Нет, дорогая, – мягко ответил Квадри, – это совершенно справедливо.
Лина тем временем прокомментировала хмуро:
Как же я об этом не подумала, вот дурочка… Ведь поездка в Версаль обязательна для молодоженов.
В дверях Марчелло пропустил Квадри вперед. Выходя, он снова услышал, как били часы: было десять.
ГЛАВА ДЕВЯТАЯ
Когда они вышли на улицу, профессор сел за руль автомобиля, оставив дверцу открытой.
Ваш муж может сесть впереди, рядом с моим, – сказала Лина Джулии, – а вы сядете сзади, со мной.
Но Джулия ответила насмешливо, пьяным голосом:
Почему? Лично я предпочитаю переднее сиденье, – и решительно устроилась рядом с Квадри. Так Марчелло и Лина оказались рядом, на заднем сиденье.

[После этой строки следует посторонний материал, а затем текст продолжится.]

lemma tendsto_at_left_AE_zero:
  fixes f :: "real \<Rightarrow> 'a::real_normed_vector"
  assumes lim: "(f \<longlongrightarrow> L) (at_left a)" and ae: "AE x in lebesgue. f x = 0"
  shows "L = 0"
proof (rule ccontr)
  assume "L \<noteq> 0"
  with lim have "\<forall>\<^sub>F x in at_left a. f x \<noteq> 0"
    by (rule tendsto_imp_eventually_ne)
  then obtain b where "b < a" and b: "\<And>x. b < x \<Longrightarrow> x < a \<Longrightarrow> f x \<noteq> 0"
    by (auto simp: eventually_at_left[of "a - 1"])
  with ae have "AE x in lebesgue. x \<notin> {b<..<a}"
    by (auto elim: eventually_mono)
  then have "emeasure lebesgue {b<..<a} = 0"
    by (subst (asm) AE_iff_measurable[of "{b<..<a}"]) auto
  with \<open>b < a\<close> show False by simp
qed

lemma l2_inner_cmult_AE:
  assumes "AE x in lebesgue. f x = c * g x" and [measurable]: "f \<in> borel_measurable lebesgue"
    "g \<in> borel_measurable lebesgue" "v \<in> borel_measurable lebesgue"
  shows "l2_inner f v = c * l2_inner g v"
proof -
  have "cnj \<in> borel_measurable borel"
    by (intro borel_measurable_continuous_onI continuous_intros)
  with \<open>v \<in> borel_measurable lebesgue\<close> have [measurable]: "(\<lambda>x. cnj (v x)) \<in> borel_measurable lebesgue"
    by (rule measurable_compose)
  have "l2_inner f v = (LINT x|lebesgue. c * (g x * cnj (v x)))"
    unfolding l2_inner_def by (rule integral_cong_AE) (use assms(1) in \<open>auto elim: eventually_mono\<close>)
  then show ?thesis
    unfolding l2_inner_def by simp
qed

definition primitive_on :: "real set \<Rightarrow> (real \<Rightarrow> complex) \<Rightarrow> (real \<Rightarrow> complex) \<Rightarrow> bool" where
  "primitive_on S \<psi> g \<longleftrightarrow> (\<forall>x\<in>S. \<forall>y\<in>S. x \<le> y \<longrightarrow> \<psi> y - \<psi> x = (LINT t:{x..y}|lebesgue. g t))"

lemma W21_Omega_iff_primitive_on:
  "W21_Omega \<psi> d\<psi> \<longleftrightarrow> sq_int \<psi> \<and> sq_int d\<psi> \<and> primitive_on {0<..} \<psi> d\<psi> \<and> primitive_on {..<0} \<psi> d\<psi>"
  unfolding W21_Omega_def primitive_on_def by (auto 6 0)

lemma primitive_on_cong_AE:
  assumes "primitive_on S \<psi> g" "AE t in lebesgue. g t = h t"
    and "g \<in> borel_measurable lebesgue" "h \<in> borel_measurable lebesgue"
  shows "primitive_on S \<psi> h"
  using assms unfolding primitive_on_def
  by (auto intro!: set_lebesgue_integral_cong_AE elim: eventually_mono)

lemma primitive_on_cmult:
  "primitive_on S \<psi> g \<Longrightarrow> primitive_on S (\<lambda>t. c * \<psi> t) (\<lambda>t. c * g t)"
  unfolding primitive_on_def by (simp flip: right_diff_distrib)

lemma primitive_on_reflect:
  assumes "primitive_on S \<psi> g"
  shows "primitive_on (uminus ` S) (\<lambda>t. \<psi> (- t)) (\<lambda>t. - g (- t))"
  unfolding primitive_on_def
proof (intro ballI impI)
  fix x y assume "x \<in> uminus ` S" "y \<in> uminus ` S" "x \<le> y"
  then have "\<psi> (- x) - \<psi> (- y) = (LINT t:{-y..-x}|lebesgue. g t)"
    using assms by (auto simp: primitive_on_def)
  then have "\<psi> (- y) - \<psi> (- x) = - (LINT t:{-y..-x}|lebesgue. g t)"
    by (metis minus_diff_eq)
  also have "\<dots> = (LINT t:{x..y}|lebesgue. - g (- t))"
    using set_integral_Icc_reflect[where f=g and x="-y" and y="-x"] by (simp add: set_lebesgue_integral_def)
  finally show "\<psi> (- y) - \<psi> (- x) = (LINT t:{x..y}|lebesgue. - g (- t))" .
qed

lemma primitive_on_tendsto_at_right_0:
  assumes g: "set_integrable lebesgue {0..1} g" and \<psi>: "primitive_on {0<..} \<psi> g"
  shows "(\<psi> \<longlongrightarrow> \<psi> 1 - (LINT t:{0<..1}|lebesgue. g t)) (at_right 0)"
proof -
  have "((\<lambda>a. LINT t:{a..1}|lebesgue. g t) \<longlongrightarrow> (LINT t:{0<..1}|lebesgue. g t)) (at_right 0)"
    by (rule tendsto_set_lebesgue_integral_at_right) (auto intro: set_integrable_subset[OF g])
  then have "((\<lambda>a. \<psi> 1 - (LINT t:{a..1}|lebesgue. g t)) \<longlongrightarrow> \<psi> 1 - (LINT t:{0<..1}|lebesgue. g t)) (at_right 0)"
    by (intro tendsto_intros)
  moreover have "\<forall>\<^sub>F a in at_right 0. \<psi> 1 - (LINT t:{a..1}|lebesgue. g t) = \<psi> a"
    using eventually_at_right_real[OF zero_less_one]
  proof (rule eventually_mono)
    fix a :: real assume "a \<in> {0<..<1}"
    then have eq: "\<psi> 1 - \<psi> a = (LINT t:{a..1}|lebesgue. g t)"
      using \<psi> by (simp add: primitive_on_def)
    show "\<psi> 1 - (LINT t:{a..1}|lebesgue. g t) = \<psi> a"
      unfolding eq[symmetric] by simp
  qed
  ultimately show ?thesis by (rule Lim_transform_eventually)
qed

lemma primitive_on_tendsto_at_left_0:
  assumes g: "set_integrable lebesgue {-1..0} g" and \<psi>: "primitive_on {..<0} \<psi> g"
  shows "\<exists>L. (\<psi> \<longlongrightarrow> L) (at_left 0)"
proof -
  have "set_integrable lebesgue {0..1} (\<lambda>t. - g (- t))"
    using set_integrable_reflect[OF g] by (simp add: set_integrable_def)
  moreover have "primitive_on {0<..} (\<lambda>t. \<psi> (- t)) (\<lambda>t. - g (- t))"
    using primitive_on_reflect[OF \<psi>] by simp
  ultimately have "((\<lambda>t. \<psi> (- t)) \<longlongrightarrow> \<psi> (- 1) - (LINT t:{0<..1}|lebesgue. - g (- t))) (at_right 0)"
    using primitive_on_tendsto_at_right_0 by fastforce
  then show ?thesis by (auto simp: filterlim_at_left_to_right[of \<psi>])
qed

lemma primitive_on_norm_le_window:
  assumes \<psi>: "primitive_on {0<..} \<psi> g" and R: "1 < R"
    and \<psi>_int: "set_integrable lebesgue {R-1..R} \<psi>" and g_int: "set_integrable lebesgue {R-1..R} g"
  shows "norm (\<psi> R) \<le> (LINT t:{R-1..R}|lebesgue. norm (\<psi> t)) + (LINT t:{R-1..R}|lebesgue. norm (g t))"
proof -
  define N where "N = (LINT t:{R-1..R}|lebesgue. norm (g t))"
  have g_norm_int: "set_integrable lebesgue {R-1..R} (\<lambda>t. norm (g t))"
    using g_int by (rule set_integrable_norm)
  have pointwise: "norm (\<psi> R) \<le> norm (\<psi> t) + N" if t: "t \<in> {R-1..R}" for t
  proof -
    have "\<psi> R - \<psi> t = (LINT s:{t..R}|lebesgue. g s)"
      using \<psi> t R by (simp add: primitive_on_def)
    then have "norm (\<psi> R) \<le> norm (\<psi> t) + norm (LINT s:{t..R}|lebesgue. g s)"
      by (metis diff_add_cancel norm_triangle_ineq add.commute)
    also have "norm (LINT s:{t..R}|lebesgue. g s) \<le> (LINT s:{t..R}|lebesgue. norm (g s))"
      using t by (intro set_integral_norm_bound set_integrable_subset[OF g_int]) auto
    also have "\<dots> \<le> N"
    proof -
      have "0 \<le> (LINT s:{R-1..t}|lebesgue. norm (g s))"
        unfolding set_lebesgue_integral_def by (intro integral_nonneg_AE) (simp add: indicator_def)
      then show ?thesis
        using set_integral_Icc_split[OF g_norm_int, of t] t by (simp add: N_def)
    qed
    finally show ?thesis by simp
  qed
  have "norm (\<psi> R) = (LINT t:{R-1..R}|lebesgue. norm (\<psi> R))"
    using R by (simp add: set_integral_const emeasure_lborel_Icc_eq)
  also have "\<dots> \<le> (LINT t:{R-1..R}|lebesgue. norm (\<psi> t) + N)"
    using pointwise \<psi>_int by (intro set_integral_mono set_integral_add(1) set_integrable_norm)
      (auto simp: set_integrable_def integrable_real_indicator emeasure_lborel_Icc_eq)
  also have "\<dots> = (LINT t:{R-1..R}|lebesgue. norm (\<psi> t)) + N"
    using R set_integral_add(2)[OF set_integrable_norm[OF \<psi>_int], of "\<lambda>_. N"]
    by (simp add: set_integral_const set_integrable_def integrable_real_indicator emeasure_lborel_Icc_eq)
  finally show ?thesis by (simp add: N_def)
qed

lemma sq_int_window_integral_tendsto_0:
  assumes h: "sq_int h"
  shows "((\<lambda>R. LINT t:{R-1..R}|lebesgue. norm (h t)) \<longlongrightarrow> 0) at_top"
proof (rule tendstoI)
  fix \<epsilon> :: real assume \<epsilon>: "\<epsilon> > 0"
  define Q where "Q R = (LINT t:{R-1..R}|lebesgue. (norm (h t))\<^sup>2)" for R
  have am_gm: "c \<le> \<epsilon> / 2 + c\<^sup>2 / (2 * \<epsilon>)" for c :: real
    using zero_le_power2[of "c - \<epsilon>"] \<epsilon> by (simp add: field_simps power2_eq_square)
  have bound: "(LINT t:{R-1..R}|lebesgue. norm (h t)) \<le> \<epsilon> / 2 + Q R / (2 * \<epsilon>)" for R
  proof -
    have sq_int: "set_integrable lebesgue {R-1..R} (\<lambda>t. (norm (h t))\<^sup>2)"
      using h integrable_mult_indicator[of "{R-1..R}" lebesgue "\<lambda>t. (norm (h t))\<^sup>2"]
      by (simp add: sq_int_def set_integrable_def)
    have const_int: "set_integrable lebesgue {R-1..R} (\<lambda>t. \<epsilon> / 2)"
      by (simp add: set_integrable_def integrable_real_indicator emeasure_lborel_Icc_eq)
    have "(LINT t:{R-1..R}|lebesgue. norm (h t))
        \<le> (LINT t:{R-1..R}|lebesgue. \<epsilon> / 2 + (norm (h t))\<^sup>2 / (2 * \<epsilon>))"
      using sq_int const_int am_gm
      by (intro set_integral_mono set_integrable_norm sq_int_set_integrable_Icc[OF h]
          set_integral_add(1) set_integrable_divide) auto
    also have "\<dots> = \<epsilon> / 2 + Q R / (2 * \<epsilon>)"
      using set_integral_add(2)[OF const_int set_integrable_divide[OF sq_int, of "2 * \<epsilon>"]]
      by (simp add: Q_def set_integral_const emeasure_lborel_Icc_eq set_integral_divide_zero)
    finally show ?thesis .
  qed
  have "((\<lambda>R. Q R) \<longlongrightarrow> 0) at_top"
    unfolding Q_def using h by (intro tendsto_set_integral_unit_window) (simp add: sq_int_def)
  then have "\<forall>\<^sub>F R in at_top. Q R < \<epsilon>\<^sup>2"
    using \<epsilon> by (intro order_tendstoD(2)) auto
  then show "\<forall>\<^sub>F R in at_top. dist (LINT t:{R-1..R}|lebesgue. norm (h t)) 0 < \<epsilon>"
  proof eventually_elim
    case (elim R)
    have "0 \<le> (LINT t:{R-1..R}|lebesgue. norm (h t))"
      unfolding set_lebesgue_integral_def by (intro integral_nonneg_AE) (simp add: indicator_def)
    moreover have "Q R / (2 * \<epsilon>) < \<epsilon> / 2"
      using elim \<epsilon> by (simp add: field_simps power2_eq_square)
    ultimately show ?case using bound[of R] by simp
  qed
qed

lemma primitive_on_tendsto_0_at_top:
  assumes \<psi>: "sq_int \<psi>" and g: "sq_int g" and prim: "primitive_on {0<..} \<psi> g"
  shows "(\<psi> \<longlongrightarrow> 0) at_top"
proof (rule Lim_null_comparison)
  show "\<forall>\<^sub>F R in at_top. norm (\<psi> R)
      \<le> (LINT t:{R-1..R}|lebesgue. norm (\<psi> t)) + (LINT t:{R-1..R}|lebesgue. norm (g t))"
    using eventually_gt_at_top[of 1]
    by (rule eventually_mono) (intro primitive_on_norm_le_window[OF prim] sq_int_set_integrable_Icc \<psi> g)
  show "((\<lambda>R. (LINT t:{R-1..R}|lebesgue. norm (\<psi> t)) + (LINT t:{R-1..R}|lebesgue. norm (g t))) \<longlongrightarrow> 0) at_top"
    using tendsto_add[OF sq_int_window_integral_tendsto_0[OF \<psi>] sq_int_window_integral_tendsto_0[OF g]]
    by simp
qed

lemma kern_eq_cis: "kern v lam x y = cis (- lam * x) * (cis (lam * y) * v y)"
  unfolding kern_def cis_conv_exp by (simp add: mult_exp_exp algebra_simps)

Марчелло решил поймать женщину на слове и повести себя так, словно на самом деле верил, что она его любит. В этом решении было не только желание отомстить, была и последняя надежда: словно после всего, наперекор очевидности, он невольно по-прежнему питал иллюзии относительно чувств Лины. Машина тронулась с места, потом затормозила в темноте, прежде чем свернуть на соседнюю улицу. Тогда, воспользовавшись темнотой, Марчелло взял руку Лины, которую она держала на коленях, и отвел ее на сиденье, между ними. От его прикосновения она обернулась в порыве гнева, который, однако, тут же сменился фальшивым, умоляюще предостерегающим жестом сообщницы. Машина проезжала одну за другой улочки Латинского квартала, а Марчелло сжимал руку Лины. Он чувствовал, как она напряжена, как не только мускулами, но и кожей отвергает его ласки, и в том, как беспомощно Лина перебирала пальцами, чувствовались отвращение, возмущение, гнев. На повороте машину занесло, и они упали друг на друга. Тогда Марчелло взял Лину за шею, как это делают с кошкой, которая изворачивается и может поцарапать, и, повернув ее голову, поцеловал в губы. Поначалу она попыталась высвободиться, но Марчелло с силой сжимал ее худую стриженую мальчишескую шею, и тогда Лина, тихо застонав от боли, перестала сопротивляться и позволила поцеловать себя, но, как ясно ощутил Марчелло, скривила губы в гримасе отвращения и с силой вонзила острые ногти ему в ладонь: жест внешне сладострастный, но Марчелло знал, что на самом деле он вызван переполнявшими ее отвращением и неприязнью. Он затянул поцелуй как можно дольше, глядя то ей в глаза, нетерпеливо сверкавшие ненавистью и омерзением, то вперед, на две черные неподвижные головы Джулии и Квадри. Огни шедшей навстречу машины ярко осветили ветровое стекло; Марчелло отпрянул от Лины и откинулся на сиденье. Краешком глаза он увидел, что она тоже упала на подушки, а потом, медленно поднеся платок ко рту, стала вытирать его задумчиво и брезгливо. Увидев, с какой тщательностью и каким отвращением она вытирает губы, которые, если верить ее словам, должны были бы трепетать и жадно ловить поцелуи, он испытал отчаяние и страшную, глухую боль.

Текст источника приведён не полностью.